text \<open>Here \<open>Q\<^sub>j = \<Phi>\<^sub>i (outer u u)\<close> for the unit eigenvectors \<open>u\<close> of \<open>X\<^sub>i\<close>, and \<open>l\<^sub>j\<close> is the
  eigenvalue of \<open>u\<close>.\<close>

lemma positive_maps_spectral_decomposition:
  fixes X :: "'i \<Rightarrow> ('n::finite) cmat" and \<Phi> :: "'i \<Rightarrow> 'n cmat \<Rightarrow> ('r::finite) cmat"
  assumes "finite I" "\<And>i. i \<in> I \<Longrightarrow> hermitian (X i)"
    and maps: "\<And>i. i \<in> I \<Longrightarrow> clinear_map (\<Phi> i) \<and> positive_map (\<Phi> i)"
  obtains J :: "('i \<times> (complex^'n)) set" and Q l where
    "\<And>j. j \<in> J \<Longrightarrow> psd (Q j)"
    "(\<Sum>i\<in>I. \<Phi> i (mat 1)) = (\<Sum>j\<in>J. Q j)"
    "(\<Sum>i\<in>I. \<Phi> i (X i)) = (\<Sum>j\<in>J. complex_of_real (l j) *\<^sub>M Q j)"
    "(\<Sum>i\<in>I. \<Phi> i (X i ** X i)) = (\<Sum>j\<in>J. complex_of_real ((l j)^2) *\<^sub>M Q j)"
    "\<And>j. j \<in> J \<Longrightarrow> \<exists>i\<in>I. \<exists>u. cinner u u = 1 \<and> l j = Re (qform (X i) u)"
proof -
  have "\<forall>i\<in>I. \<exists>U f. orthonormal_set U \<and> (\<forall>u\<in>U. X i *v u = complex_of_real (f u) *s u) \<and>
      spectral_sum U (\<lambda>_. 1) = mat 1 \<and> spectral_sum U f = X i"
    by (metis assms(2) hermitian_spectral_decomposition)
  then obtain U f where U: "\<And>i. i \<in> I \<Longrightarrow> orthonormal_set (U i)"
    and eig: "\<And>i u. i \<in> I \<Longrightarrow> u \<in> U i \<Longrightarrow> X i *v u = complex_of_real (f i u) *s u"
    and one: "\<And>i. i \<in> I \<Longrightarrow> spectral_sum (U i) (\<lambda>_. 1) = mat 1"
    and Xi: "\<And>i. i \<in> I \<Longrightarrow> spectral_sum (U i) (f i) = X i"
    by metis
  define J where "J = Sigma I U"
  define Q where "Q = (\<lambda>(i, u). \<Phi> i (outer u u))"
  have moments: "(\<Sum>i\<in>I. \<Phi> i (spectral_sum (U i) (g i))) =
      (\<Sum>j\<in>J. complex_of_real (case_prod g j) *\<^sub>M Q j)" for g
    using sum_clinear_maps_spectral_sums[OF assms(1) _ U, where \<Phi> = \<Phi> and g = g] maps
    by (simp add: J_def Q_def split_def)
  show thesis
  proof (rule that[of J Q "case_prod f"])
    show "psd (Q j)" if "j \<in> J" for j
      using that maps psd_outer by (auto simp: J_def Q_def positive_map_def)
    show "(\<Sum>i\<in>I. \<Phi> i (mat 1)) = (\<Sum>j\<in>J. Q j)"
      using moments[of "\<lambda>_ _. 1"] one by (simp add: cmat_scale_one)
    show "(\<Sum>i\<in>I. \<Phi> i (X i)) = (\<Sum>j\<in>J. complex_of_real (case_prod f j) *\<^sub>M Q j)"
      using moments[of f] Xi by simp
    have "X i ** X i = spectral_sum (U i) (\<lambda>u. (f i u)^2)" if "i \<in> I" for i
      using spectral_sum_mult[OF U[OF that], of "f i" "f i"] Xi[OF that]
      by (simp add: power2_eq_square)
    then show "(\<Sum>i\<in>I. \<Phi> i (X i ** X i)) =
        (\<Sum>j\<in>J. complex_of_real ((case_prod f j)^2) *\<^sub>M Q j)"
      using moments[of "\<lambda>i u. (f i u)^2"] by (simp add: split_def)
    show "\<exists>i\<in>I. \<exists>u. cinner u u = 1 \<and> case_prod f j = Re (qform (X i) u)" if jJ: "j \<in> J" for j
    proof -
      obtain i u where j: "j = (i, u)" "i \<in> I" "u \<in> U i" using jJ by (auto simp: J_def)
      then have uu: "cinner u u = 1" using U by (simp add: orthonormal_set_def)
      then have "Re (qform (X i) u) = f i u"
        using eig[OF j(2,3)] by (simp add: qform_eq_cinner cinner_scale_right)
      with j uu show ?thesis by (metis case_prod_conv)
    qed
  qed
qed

○ ○ ○ ○

YOUR OBJECTIVE | Find the string "close" in the listing and return every line that holds it.

WORKED SOLUTION |
text \<open>Here \<open>Q\<^sub>j = \<Phi>\<^sub>i (outer u u)\<close> for the unit eigenvectors \<open>u\<close> of \<open>X\<^sub>i\<close>, and \<open>l\<^sub>j\<close> is the
  eigenvalue of \<open>u\<close>.\<close>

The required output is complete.